Chemical engineers will play a pivotal role in ensuring the ongoing success of one of Australia's largest industries following a grant awarded to a major research center there that focuses on Australia's dairy industry.
Australia's national dairy herd of 1.6 million cows produces just shy of 10 million liters (2.6 million gallons) of milk a year. According to Dairy Australia, Southbank, Victoria, this is worth A$4 billion at the farm gate or A$12 billion at wholesale. (The Australian dollar currently is at parity with the U.S. dollar.) With 40,000 employees, dairy production is the country's third largest rural industry.
A substantial part of this production is used in the manufacture of 342,000 tons of cheese, 148,500 tons of butter and 359,600 tons of milk powders. These powders are worth in excess of A$1 billion — with spray-dried dairy products accounting for over 50% of exports.
Milk powder production is the most-energy-intensive dairy manufacturing process, with the Australian manufacturers under increasing pressure to improve efficiencies and reduce the cost of bulk powder production.
And it is these powders that chemical engineers in the department of chemical engineering at Monash University, Victoria, are focusing their thoughts.
A chemical engineering project titled "Breakthrough technologies for energy-efficient manufacture of dairy powders" has just won a four-year A$320,000 grant from the Australian Research Council (ARC) Linkage project.
The grant is specifically aimed at supporting collaborative research and development (R&D) projects between higher education researchers and other parts of the national innovation system, which are undertaken to acquire new knowledge, and which involve risk or innovation.
In this case, professor Xiao Dong Chen and Dr. Cordelia Selomulya from the department of chemical engineering at Monash are working in collaboration with Dairy Innovation Australia Limited (DIAL), Werribee, Victoria, to revolutionize dairy manufacturing processes in Australia.
DIAL leads R&D in the areas of food technology, engineering, microbiology, health and nutrition for the Australian dairy industry. In providing cutting-edge solutions in these areas it partners and funds research with private research organizations, research institutes, universities and government bodies.
For his part, professor Dong Chen specializes in a wide variety of large-scale food-related processing issues, including: powder technology, drying (spray drying in particular), falling film evaporation, frying, powder agglomeration, lumping and caking, powder functionality, heat exchanger fouling, cleaning, new coatings for anti-fouling purposes, heat and mass transfer, and evaporation processes.
Selomulya's specialization includes functional (nano) materials, characterization and functionalization of smart materials for applications in medical diagnostics and therapeutics, food, national security, and the environment. Selomulya also focuses on low-temperature synthesis of bioactive composites for the manufacturing of high-value products such as controlled-release particles for pharmaceutical and functional food applications.
"This project will address how the industry can achieve tremendous gain in energy savings while reducing environmental costs through a combination of lower temperature spray drying and more efficient evaporation processes in generating high quality powders from high solid liquids," explains Selomulya.
The innovation is also applicable to food and pharmaceutical industries where spray and fluidized-bed drying are integral parts of the manufacturing process. The project will train graduates to be able to make a high-level contribution to these industries.
The outcomes of this project should lead to significant change for the dairy industry in Australia. In particular, the enormous cost-saving and environmental benefits due to a more efficient drying process should boost the international competitiveness of the industry.
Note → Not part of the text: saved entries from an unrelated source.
(* Consider a bipartite experiment where Alice chooses $x\in\{0,1\}$ and obtains $a\in\{\pm1\}$ with probability $\pi_{a|x}:=p(a|x)$, and conditioned on $(a,x)$ Bob's system is in the qubit state $\rho_{a|x}=\tfrac12(I+\mathbf s_{a|x}\cdot\boldsymbol\sigma)$ with Bloch vector $\mathbf s_{a|x}\in\mathbb R^3$, $\|\mathbf s_{a|x}\|\le1$. Bob chooses $y\in\{0,1\}$ and performs the binary projective measurement with observable $B_y=\mathbf b_y\cdot\boldsymbol\sigma$, $\|\mathbf b_y\|=1$, obtaining $b\in\{\pm1\}$, so that $p(a,b|x,y)=\pi_{a|x}\,\mathrm{Tr}\big(\rho_{a|x}\tfrac{I+bB_y}{2}\big)$. Let $E_{xy}=\sum_{a,b=\pm1}ab\,p(a,b|x,y)$ and $S_{\mathrm{CHSH}}=E_{00}+E_{01}+E_{10}-E_{11}$. For a pair of qubit states let the SWAP-test pass probability be $p(\mathsf{pass}|\rho,\sigma)=\tfrac12(1+\mathrm{Tr}(\rho\sigma))$, and define $$p_{\mathrm{pur}}^{\pm|x}=p(\mathsf{pass}|\rho_{\pm|x},\rho_{\pm|x}),\qquad p_{\mathrm{ov}}^{x}=p(\mathsf{pass}|\rho_{+|x},\rho_{-|x}),$$ $$\widetilde R_x^2:=2\Big[\pi_{+|x}^2(2p_{\mathrm{pur}}^{+|x}-1)+\pi_{-|x}^2(2p_{\mathrm{pur}}^{-|x}-1)-2\pi_{+|x}\pi_{-|x}(2p_{\mathrm{ov}}^{x}-1)\Big]-(\pi_{+|x}-\pi_{-|x})^2 .$$ Then $$S_{\mathrm{CHSH}}\le 2\sqrt{\widetilde R_0^2+\widetilde R_1^2}.$$
   Context: $\boldsymbol\sigma=(\sigma_x,\sigma_y,\sigma_z)$ is the vector of Pauli matrices. $\widetilde R_x^2$ is called the weighted operational separation parameter of Bob's two conditional preparations at Alice's setting $x$. *)

theory Defs
  imports "HOL-Analysis.Analysis"
begin

definition pauli_x :: "complex^2^2" where
  "pauli_x = (\<chi> i j. if i \<noteq> j then 1 else 0)"

definition pauli_y :: "complex^2^2" where
  "pauli_y = (\<chi> i j. if i = 1 \<and> j = 2 then - \<i> else if i = 2 \<and> j = 1 then \<i> else 0)"

definition pauli_z :: "complex^2^2" where
  "pauli_z = (\<chi> i j. if i = j then (if i = 1 then 1 else -1) else 0)"

definition dot_sigma :: "real^3 \<Rightarrow> complex^2^2" where
  "dot_sigma v = (v$1) *\<^sub>R pauli_x + (v$2) *\<^sub>R pauli_y + (v$3) *\<^sub>R pauli_z"

definition bloch_state :: "real^3 \<Rightarrow> complex^2^2" where
  "bloch_state s = (1/2) *\<^sub>R (mat 1 + dot_sigma s)"

text \<open>SWAP-test pass probability (1 + Tr(rho sigma))/2 (the trace is real for
  Hermitian matrices; we take its real part).\<close>
definition swap_pass :: "complex^2^2 \<Rightarrow> complex^2^2 \<Rightarrow> real" where
  "swap_pass \<rho> \<sigma> = (1 + Re (trace (\<rho> ** \<sigma>))) / 2"

text \<open>Outcomes a, b are the reals 1 and -1; settings x, y are the naturals 0, 1.
  pi a x = p(a|x); s a x = Bloch vector of Bob's conditional state; bv y = Bob's
  measurement direction.\<close>

definition joint_prob ::
  "(real \<Rightarrow> nat \<Rightarrow> real) \<Rightarrow> (real \<Rightarrow> nat \<Rightarrow> real^3) \<Rightarrow> (nat \<Rightarrow> real^3)
     \<Rightarrow> real \<Rightarrow> real \<Rightarrow> nat \<Rightarrow> nat \<Rightarrow> real" where
  "joint_prob \<pi> s bv a b x y =
     \<pi> a x * Re (trace (bloch_state (s a x) ** ((1/2) *\<^sub>R (mat 1 + b *\<^sub>R dot_sigma (bv y)))))"

definition correlator ::
  "(real \<Rightarrow> nat \<Rightarrow> real) \<Rightarrow> (real \<Rightarrow> nat \<Rightarrow> real^3) \<Rightarrow> (nat \<Rightarrow> real^3) \<Rightarrow> nat \<Rightarrow> nat \<Rightarrow> real" where
  "correlator \<pi> s bv x y =
     (\<Sum>a\<in>{1, -1}. \<Sum>b\<in>{1, -1}. a * b * joint_prob \<pi> s bv a b x y)"

definition S_CHSH ::
  "(real \<Rightarrow> nat \<Rightarrow> real) \<Rightarrow> (real \<Rightarrow> nat \<Rightarrow> real^3) \<Rightarrow> (nat \<Rightarrow> real^3) \<Rightarrow> real" where
  "S_CHSH \<pi> s bv = correlator \<pi> s bv 0 0 + correlator \<pi> s bv 0 1
                    + correlator \<pi> s bv 1 0 - correlator \<pi> s bv 1 1"

definition R_tilde_sq ::
  "(real \<Rightarrow> nat \<Rightarrow> real) \<Rightarrow> (real \<Rightarrow> nat \<Rightarrow> real^3) \<Rightarrow> nat \<Rightarrow> real" where
  "R_tilde_sq \<pi> s x =
     (let rp = bloch_state (s 1 x); rm = bloch_state (s (-1) x);
          ppp = swap_pass rp rp; ppm = swap_pass rm rm; pov = swap_pass rp rm
      in 2 * ((\<pi> 1 x)\<^sup>2 * (2 * ppp - 1) + (\<pi> (-1) x)\<^sup>2 * (2 * ppm - 1)
              - 2 * \<pi> 1 x * \<pi> (-1) x * (2 * pov - 1))
         - (\<pi> 1 x - \<pi> (-1) x)\<^sup>2)"

end

theory Submission
  imports Defs
begin

text \<open>In the Bloch picture every quantity in the statement is an affine function of inner
  products of Bloch vectors. With the weighted difference
  \<open>v\<^sub>x = \<pi>\<^sub>+\<^sub>|\<^sub>x s\<^sub>+\<^sub>|\<^sub>x - \<pi>\<^sub>-\<^sub>|\<^sub>x s\<^sub>-\<^sub>|\<^sub>x\<close> one finds
  \<open>E\<^sub>x\<^sub>y = v\<^sub>x \<bullet> b\<^sub>y\<close> and \<open>R\<^sub>x\<^sup>2 = \<parallel>v\<^sub>x\<parallel>\<^sup>2\<close>, so that
  \<open>S = (v\<^sub>0, v\<^sub>1) \<bullet> (b\<^sub>0 + b\<^sub>1, b\<^sub>0 - b\<^sub>1)\<close>. Cauchy-Schwarz in the product space,
  together with the parallelogram law \<open>\<parallel>b\<^sub>0 + b\<^sub>1\<parallel>\<^sup>2 + \<parallel>b\<^sub>0 - b\<^sub>1\<parallel>\<^sup>2 = 4\<close>
  for unit vectors, gives the bound. The two identities hold for arbitrary weights and Bloch
  vectors, so of the hypotheses only \<open>\<parallel>b\<^sub>y\<parallel> = 1\<close> is actually used.\<close>

lemma Re_trace_bloch_state_mult:
  "Re (trace (bloch_state s ** bloch_state t)) = (1 + s \<bullet> t) / 2"
  by (simp add: trace_def matrix_matrix_mult_def sum_2 bloch_state_def dot_sigma_def
      pauli_x_def pauli_y_def pauli_z_def mat_def inner_vec_def sum_3 algebra_simps)

lemma swap_pass_bloch_state:
  "swap_pass (bloch_state s) (bloch_state t) = (3 + s \<bullet> t) / 4"
  by (simp add: swap_pass_def Re_trace_bloch_state_mult)

lemma dot_sigma_scaleR: "dot_sigma (c *\<^sub>R v) = c *\<^sub>R dot_sigma v"
  by (simp add: dot_sigma_def scaleR_add_right)

lemma joint_prob_eq:
  "joint_prob \<pi> s bv a b x y = \<pi> a x * (1 + b * (s a x \<bullet> bv y)) / 2"
proof -
  have "(1/2) *\<^sub>R (mat 1 + b *\<^sub>R dot_sigma (bv y)) = bloch_state (b *\<^sub>R bv y)"
    by (simp add: bloch_state_def dot_sigma_scaleR)
  then show ?thesis
    by (simp add: joint_prob_def Re_trace_bloch_state_mult)
qed

lemma correlator_eq_inner:
  "correlator \<pi> s bv x y = (\<pi> 1 x *\<^sub>R s 1 x - \<pi> (-1) x *\<^sub>R s (-1) x) \<bullet> bv y"
  by (simp add: correlator_def joint_prob_eq inner_diff_left field_simps)

lemma R_tilde_sq_eq_norm:
  "R_tilde_sq \<pi> s x = (norm (\<pi> 1 x *\<^sub>R s 1 x - \<pi> (-1) x *\<^sub>R s (-1) x))\<^sup>2"
proof -
  have "(norm (\<pi> 1 x *\<^sub>R s 1 x - \<pi> (-1) x *\<^sub>R s (-1) x))\<^sup>2 =
      (\<pi> 1 x)\<^sup>2 * (s 1 x \<bullet> s 1 x) + (\<pi> (-1) x)\<^sup>2 * (s (-1) x \<bullet> s (-1) x)
      - 2 * \<pi> 1 x * \<pi> (-1) x * (s 1 x \<bullet> s (-1) x)"
    unfolding power2_norm_eq_inner
    by (simp add: inner_diff_left inner_diff_right inner_commute algebra_simps power2_eq_square)
  then show ?thesis
    by (simp add: R_tilde_sq_def swap_pass_bloch_state field_simps power2_eq_square)
qed

lemma parallelogram_law:
  fixes a b :: "'a::real_inner"
  shows "(norm (a + b))\<^sup>2 + (norm (a - b))\<^sup>2 = 2 * ((norm a)\<^sup>2 + (norm b)\<^sup>2)"
  by (simp add: power2_norm_eq_inner inner_add_left inner_add_right
      inner_diff_left inner_diff_right inner_commute)

lemma norm_Pair_add_diff_unit:
  fixes a b :: "'a::real_inner"
  assumes "norm a = 1" and "norm b = 1"
  shows "norm (a + b, a - b) = 2"
  by (simp add: norm_Pair parallelogram_law assms)

theorem theorem2:
  fixes \<pi> :: "real \<Rightarrow> nat \<Rightarrow> real"
    and s :: "real \<Rightarrow> nat \<Rightarrow> real^3"
    and bv :: "nat \<Rightarrow> real^3"
  assumes pi_nonneg: "\<And>a x. a \<in> {1, -1} \<Longrightarrow> x \<in> {0, 1} \<Longrightarrow> \<pi> a x \<ge> 0"
    and pi_sum: "\<And>x. x \<in> {0, 1} \<Longrightarrow> \<pi> 1 x + \<pi> (-1) x = 1"
    and bloch: "\<And>a x. a \<in> {1, -1} \<Longrightarrow> x \<in> {0, 1} \<Longrightarrow> norm (s a x) \<le> 1"
    and meas: "\<And>y. y \<in> {0, 1} \<Longrightarrow> norm (bv y) = 1"
  shows "S_CHSH \<pi> s bv \<le> 2 * sqrt (R_tilde_sq \<pi> s 0 + R_tilde_sq \<pi> s 1)"
proof -
  define v where "v x = \<pi> 1 x *\<^sub>R s 1 x - \<pi> (-1) x *\<^sub>R s (-1) x" for x
  define w where "w = (bv 0 + bv 1, bv 0 - bv 1)"
  have "S_CHSH \<pi> s bv = (v 0, v 1) \<bullet> w"
    by (simp add: S_CHSH_def correlator_eq_inner v_def w_def inner_add_right inner_diff_right)
  also have "\<dots> \<le> norm (v 0, v 1) * norm w"
    by (rule norm_cauchy_schwarz)
  also have "norm w = 2"
    unfolding w_def by (rule norm_Pair_add_diff_unit) (simp_all add: meas)
  also have "norm (v 0, v 1) = sqrt (R_tilde_sq \<pi> s 0 + R_tilde_sq \<pi> s 1)"
    by (simp add: norm_Pair R_tilde_sq_eq_norm v_def)
  finally show ?thesis
    by simp
qed

end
"The ARC funding will enable the research group at Monash to recruit high quality postgraduate students to the project, while working closely with the dairy industry. It will also be used to extend the pilot-scale facility for the dairy research at Monash University," Selomulya adds.
In other dairy-related work at Monash, professor Dong Chen has been tackling the general lack of information on large-scale operation of an immobilized enzyme reactor with realistic production capacity for the enzymatic hydrolysis of lactose by ß-galactosidase. This is one of the most popular technologies used to produce lactose-reduced milk and related dairy products for consumption by lactose-intolerant people.
A pilot-scale 10-liter packed-bed reactor using ß-galactosidase immobilized on cotton fabric has served to hydrolyze lactose in whole milk, both in batch and continuous runs. About 95% of lactose conversion was achieved after two hours of batch operation, while productivity during continuous operation was found to vary with residence time of the milk. Investigations are still underway.